____ ENTRIES SUPPLIED

(* Let $\mathcal{B}$ be a binary number format and $\mathbb{F}^E_m$ a floating-point format with $|\mathbb{F}^E_m\cap[0,1]|\le|\overline{\mathbb{R}}_{\mathcal{B}}|+1$, where $\overline{\mathbb{R}}_{\mathcal{B}}$ is the set of values of $\mathcal{B}$. Let $\mathcal{F}$ be the set of CDFs with atoms in $\overline{\mathbb{R}}_{\mathcal{B}}$ and cumulative probabilities in $\mathbb{F}^E_m$, i.e. probability distributions on the finite totally ordered set $\overline{\mathbb{R}}_{\mathcal{B}}$ whose cumulative probabilities $\Pr(\{y:y\le x\})$, $x\in\overline{\mathbb{R}}_{\mathcal{B}}$, all lie in $\mathbb{F}^E_m$. Then $\max_{F'\in\mathcal{F}}H(F')=m+2-2^{-2^{E-1}+3}$, where $H$ denotes Shannon entropy (in bits).
   Context: $\overline{\mathbb{R}}=\mathbb{R}\cup\{-\infty,+\infty,\bot\}$ with the strict linear order $-\infty<$ reals $<+\infty<\bot$. A binary number format $\mathcal{B}=(n,\gamma_{\mathcal{B}},\phi_{\mathcal{B}})$ consists of $n\ge1$, a map $\gamma_{\mathcal{B}}:\{0,1\}^n\to\overline{\mathbb{R}}$, and a bijection $\phi_{\mathcal{B}}$ of $\{0,1\}^n$ with $b<_{\mathrm{dict}}b'\Rightarrow\gamma_{\mathcal{B}}(\phi_{\mathcal{B}}(b))\le\gamma_{\mathcal{B}}(\phi_{\mathcal{B}}(b'))$; its set of values is $\overline{\mathbb{R}}_{\mathcal{B}}=\gamma_{\mathcal{B}}(\{0,1\}^n)$. $\mathbb{F}^E_m$ is the IEEE-754-style set of floating-point numbers with $E$ exponent bits and $m$ mantissa bits (bias $2^{E-1}-1$, with subnormals), regarded as a set of reals; $\mathbb{F}^E_m\cap[0,1]$ counts zero once. *)

theory Defs
  imports "HOL-Probability.Probability"
begin

section \<open>Extended reals with an error value: -inf < reals < +inf < bot\<close>

datatype xreal = NInf | Fin real | PInf | Bot

fun xrank :: "xreal \<Rightarrow> nat" where
  "xrank NInf = 0" | "xrank (Fin _) = 1" | "xrank PInf = 2" | "xrank Bot = 3"

instantiation xreal :: linorder
begin
definition less_eq_xreal :: "xreal \<Rightarrow> xreal \<Rightarrow> bool" where
  "less_eq_xreal x y = (case (x, y) of (Fin a, Fin b) \<Rightarrow> a \<le> b | _ \<Rightarrow> xrank x \<le> xrank y)"
definition less_xreal :: "xreal \<Rightarrow> xreal \<Rightarrow> bool" where
  "less_xreal x y = (x \<le> y \<and> \<not> y \<le> x)"
instance
proof
  fix x y z :: xreal
  show "(x < y) = (x \<le> y \<and> \<not> y \<le> x)" by (simp add: less_xreal_def)
  show "x \<le> x" by (cases x) (auto simp: less_eq_xreal_def)
  show "x \<le> y \<Longrightarrow> y \<le> z \<Longrightarrow> x \<le> z"
    by (cases x; cases y; cases z) (auto simp: less_eq_xreal_def)
  show "x \<le> y \<Longrightarrow> y \<le> x \<Longrightarrow> x = y"
    by (cases x; cases y) (auto simp: less_eq_xreal_def)
  show "x \<le> y \<or> y \<le> x"
    by (cases x; cases y) (auto simp: less_eq_xreal_def)
qed
end

text \<open>Bit strings of length n are bool lists (False = 0, True = 1);
  the dictionary order is the lexicographic order ord_class.lexordp.\<close>

definition bitstrings :: "nat \<Rightarrow> bool list set" where
  "bitstrings n = {b. length b = n}"

definition binary_number_format ::
  "nat \<Rightarrow> (bool list \<Rightarrow> xreal) \<Rightarrow> (bool list \<Rightarrow> bool list) \<Rightarrow> bool" where
  "binary_number_format n \<gamma> \<phi> \<longleftrightarrow>
     n \<ge> 1 \<and> bij_betw \<phi> (bitstrings n) (bitstrings n) \<and>
     (\<forall>b\<in>bitstrings n. \<forall>b'\<in>bitstrings n. ord_class.lexordp b b' \<longrightarrow> \<gamma> (\<phi> b) \<le> \<gamma> (\<phi> b'))"

definition bnf_values :: "nat \<Rightarrow> (bool list \<Rightarrow> xreal) \<Rightarrow> xreal set" where
  "bnf_values n \<gamma> = \<gamma> ` bitstrings n"

definition fp_bias :: "nat \<Rightarrow> int" where
  "fp_bias E = 2 ^ (E - 1) - 1"

definition fp_set :: "nat \<Rightarrow> nat \<Rightarrow> real set" where
  "fp_set E m =
     {(if s then -1 else 1) * 2 powr (real_of_int (int e - fp_bias E)) * (1 + real f / 2 ^ m)
        | s e f. 1 \<le> e \<and> e \<le> 2 ^ E - 2 \<and> f < 2 ^ m}
   \<union> {(if s then -1 else 1) * 2 powr (real_of_int (1 - fp_bias E)) * (real f / 2 ^ m)
        | s f. f < (2::nat) ^ m}"

definition cdf_family :: "xreal set \<Rightarrow> real set \<Rightarrow> xreal pmf set" where
  "cdf_family R F = {p. set_pmf p \<subseteq> R \<and>
                        (\<forall>x\<in>R. measure_pmf.prob p {y. y \<le> x} \<in> F)}"

definition shannon_entropy :: "'a pmf \<Rightarrow> real" where
  "shannon_entropy p = - (\<Sum>x\<in>set_pmf p. pmf p x * log 2 (pmf p x))"

end

theory Submission
  imports Defs
begin

(* The floats in [0,1] form a grid 0 = v 0 < v 1 < ... < v K = 1 with
   K = (2^(E-1) - 1) 2^m.  A distribution on a finite chain whose CDF takes values in the grid
   is the image, under its quantile function, of the grid distribution with masses
   v (k+1) - v k; as merging atoms cannot increase entropy, the grid distribution has
   maximal entropy.  It is attained by spreading these K masses over K distinct atoms,
   which the hypothesis K <= |values of the format| allows.  The subnormal range and each
   binade consist of 2^m equal gaps, doubling from one binade to the next, and summing
   -g log g over them gives m + 2 - 2^(3 - 2^(E-1)). *)

section \<open>Entropy does not increase under merging of atoms\<close>

definition neg_xlogx :: "real \<Rightarrow> real" where
  "neg_xlogx t = - (t * log 2 t)"

lemma neg_xlogx_0 [simp]: "neg_xlogx 0 = 0"
  by (simp add: neg_xlogx_def)

lemma neg_xlogx_add_le:
  assumes "0 \<le> a" "0 \<le> b"
  shows "neg_xlogx (a + b) \<le> neg_xlogx a + neg_xlogx b"
proof (cases "a = 0 \<or> b = 0")
  case True
  then show ?thesis by auto
next
  case False
  then have "0 < a" "0 < b" using assms by auto
  then have "a * log 2 a + b * log 2 b \<le> a * log 2 (a + b) + b * log 2 (a + b)"
    by (intro add_mono mult_left_mono) auto
  then show ?thesis by (simp add: neg_xlogx_def algebra_simps)
qed

lemma neg_xlogx_sum_le:
  assumes "finite A" "\<And>a. a \<in> A \<Longrightarrow> 0 \<le> h a"
  shows "neg_xlogx (sum h A) \<le> (\<Sum>a\<in>A. neg_xlogx (h a))"
  using assms
proof (induction A rule: finite_induct)
  case (insert x A)
  have "neg_xlogx (sum h (insert x A)) \<le> neg_xlogx (h x) + neg_xlogx (sum h A)"
    using insert by (simp add: neg_xlogx_add_le sum_nonneg)
  also have "\<dots> \<le> neg_xlogx (h x) + (\<Sum>a\<in>A. neg_xlogx (h a))"
    using insert by simp
  finally show ?case using insert by simp
qed simp

lemma shannon_entropy_neg_xlogx: "shannon_entropy p = (\<Sum>x\<in>set_pmf p. neg_xlogx (pmf p x))"
  by (simp add: shannon_entropy_def neg_xlogx_def sum_negf)

lemma shannon_entropy_map_pmf_inj:
  assumes "inj_on f (set_pmf p)"
  shows "shannon_entropy (map_pmf f p) = shannon_entropy p"
  using assms by (simp add: shannon_entropy_neg_xlogx sum.reindex pmf_map_inj)

lemma shannon_entropy_map_pmf_le:
  assumes "finite (set_pmf p)"
  shows "shannon_entropy (map_pmf f p) \<le> shannon_entropy p"
proof -
  let ?S = "set_pmf p"
  have pmf_map_sum: "pmf (map_pmf f p) y = (\<Sum>x\<in>{x \<in> ?S. f x = y}. pmf p x)" for y
  proof -
    have "pmf (map_pmf f p) y = measure_pmf.prob p (f -` {y} \<inter> ?S)"
      by (simp add: pmf_map measure_Int_set_pmf)
    also have "f -` {y} \<inter> ?S = {x \<in> ?S. f x = y}"
      by blast
    finally show ?thesis using assms by (simp add: measure_measure_pmf_finite)
  qed
  have "shannon_entropy (map_pmf f p) = (\<Sum>y\<in>f ` ?S. neg_xlogx (\<Sum>x\<in>{x \<in> ?S. f x = y}. pmf p x))"
    by (simp add: shannon_entropy_neg_xlogx pmf_map_sum)
  also have "\<dots> \<le> (\<Sum>y\<in>f ` ?S. \<Sum>x\<in>{x \<in> ?S. f x = y}. neg_xlogx (pmf p x))"
    using assms by (intro sum_mono neg_xlogx_sum_le) auto
  also have "\<dots> = shannon_entropy p"
    using assms by (simp add: shannon_entropy_neg_xlogx sum.image_gen[symmetric])
  finally show ?thesis .
qed

section \<open>Distributions on a finite chain with CDF values in a grid\<close>

lemma measure_pmf_Int_superset_support:
  assumes "set_pmf p \<subseteq> R"
  shows "measure_pmf.prob p (A \<inter> R) = measure_pmf.prob p A"
proof -
  have "A \<inter> R \<inter> set_pmf p = A \<inter> set_pmf p"
    using assms by blast
  then show ?thesis
    by (metis measure_Int_set_pmf)
qed

lemma measure_pmf_less_eq_cdf_pred:
  fixes p :: "'a::linorder pmf"
  assumes "finite R" "set_pmf p \<subseteq> R" "y \<in> R" "y < x"
  shows "measure_pmf.prob p {z. z < x} = measure_pmf.prob p {z. z \<le> Max {z \<in> R. z < x}}"
proof -
  let ?x' = "Max {z \<in> R. z < x}"
  have "?x' \<in> {z \<in> R. z < x}"
    using assms by (intro Max_in) auto
  moreover have "z \<le> ?x'" if "z \<in> R" "z < x" for z
    using assms that by (intro Max_ge) auto
  ultimately have "{z. z < x} \<inter> R = {z. z \<le> ?x'} \<inter> R"
    by force
  then show ?thesis
    by (metis assms(2) measure_pmf_Int_superset_support)
qed

lemma pmf_eq_cdf_diff:
  fixes p :: "'a::linorder pmf"
  shows "pmf p x = measure_pmf.prob p {y. y \<le> x} - measure_pmf.prob p {y. y < x}"
proof -
  have "{y. y \<le> x} - {y. y < x} = {x}"
    by auto
  then have "pmf p x = measure_pmf.prob p ({y. y \<le> x} - {y. y < x})"
    by (simp add: measure_pmf_single)
  also have "\<dots> = measure_pmf.prob p {y. y \<le> x} - measure_pmf.prob p {y. y < x}"
    by (rule measure_pmf.finite_measure_Diff) auto
  finally show ?thesis .
qed

lemma pmf_eq_if_cdf_eq:
  fixes p q :: "'a::linorder pmf"
  assumes "finite R" "set_pmf p \<subseteq> R" "set_pmf q \<subseteq> R"
    and cdf_eq: "\<And>x. x \<in> R \<Longrightarrow> measure_pmf.prob p {y. y \<le> x} = measure_pmf.prob q {y. y \<le> x}"
  shows "p = q"
proof (rule pmf_eqI)
  have strict_cdf_eq: "measure_pmf.prob p {y. y < x} = measure_pmf.prob q {y. y < x}" for x
  proof (cases "\<exists>y\<in>R. y < x")
    case True
    then obtain y where y: "y \<in> R" "y < x"
      by blast
    let ?x' = "Max {z \<in> R. z < x}"
    have "?x' \<in> {z \<in> R. z < x}"
      using assms(1) y by (intro Max_in) auto
    have "measure_pmf.prob p {z. z < x} = measure_pmf.prob p {z. z \<le> ?x'}"
      using assms(1,2) y by (rule measure_pmf_less_eq_cdf_pred)
    also have "\<dots> = measure_pmf.prob q {z. z \<le> ?x'}"
      using \<open>?x' \<in> {z \<in> R. z < x}\<close> by (simp add: cdf_eq)
    also have "\<dots> = measure_pmf.prob q {z. z < x}"
      using assms(1,3) y by (rule measure_pmf_less_eq_cdf_pred[symmetric])
    finally show ?thesis .
  next
    case False
    then have "{y. y < x} \<inter> R = {}"
      by auto
    then show ?thesis
      by (metis assms(2,3) measure_pmf_Int_superset_support measure_empty)
  qed
  fix x
  show "pmf p x = pmf q x"
  proof (cases "x \<in> R")
    case True
    then show ?thesis
      by (simp only: pmf_eq_cdf_diff[of p] pmf_eq_cdf_diff[of q] cdf_eq strict_cdf_eq)
  next
    case False
    then have "x \<notin> set_pmf p" "x \<notin> set_pmf q"
      using assms(2,3) by auto
    then show ?thesis
      by (simp add: set_pmf_iff)
  qed
qed

definition pmf_quantile :: "'a::linorder set \<Rightarrow> 'a pmf \<Rightarrow> real \<Rightarrow> 'a" where
  "pmf_quantile R p u = Min {x \<in> R. u \<le> measure_pmf.prob p {y. y \<le> x}}"

lemma pmf_quantile_in:
  fixes p :: "'a::linorder pmf"
  assumes "finite R" "set_pmf p \<subseteq> R" "u \<le> 1"
  shows "pmf_quantile R p u \<in> {x \<in> R. u \<le> measure_pmf.prob p {y. y \<le> x}}"
  unfolding pmf_quantile_def
proof (rule Min_in)
  have "R \<noteq> {}"
    using assms(2) set_pmf_not_empty[of p] by blast
  then have "Max R \<in> R"
    using assms(1) by simp
  moreover have "measure_pmf.prob p {y. y \<le> Max R} = 1"
    using assms(1,2) by (subst measure_pmf.prob_eq_1) (auto simp: AE_measure_pmf_iff)
  ultimately show "{x \<in> R. u \<le> measure_pmf.prob p {y. y \<le> x}} \<noteq> {}"
    using assms(3) by auto
qed (use assms(1) in simp)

________

▶ **ABOUT THIS TASK**
Copy the lines of the data above exactly as written, beginning with the line containing "by (simp add: neg_xlogx_def)" and ending with the line containing "using insert by (simp", and leave out all other lines.

▶ **YOUR SOLUTION**
  by (simp add: neg_xlogx_def)

lemma neg_xlogx_add_le:
  assumes "0 \<le> a" "0 \<le> b"
  shows "neg_xlogx (a + b) \<le> neg_xlogx a + neg_xlogx b"
proof (cases "a = 0 \<or> b = 0")
  case True
  then show ?thesis by auto
next
  case False
  then have "0 < a" "0 < b" using assms by auto
  then have "a * log 2 a + b * log 2 b \<le> a * log 2 (a + b) + b * log 2 (a + b)"
    by (intro add_mono mult_left_mono) auto
  then show ?thesis by (simp add: neg_xlogx_def algebra_simps)
qed

lemma neg_xlogx_sum_le:
  assumes "finite A" "\<And>a. a \<in> A \<Longrightarrow> 0 \<le> h a"
  shows "neg_xlogx (sum h A) \<le> (\<Sum>a\<in>A. neg_xlogx (h a))"
  using assms
proof (induction A rule: finite_induct)
  case (insert x A)
  have "neg_xlogx (sum h (insert x A)) \<le> neg_xlogx (h x) + neg_xlogx (sum h A)"
    using insert by (simp add: neg_xlogx_add_le sum_nonneg)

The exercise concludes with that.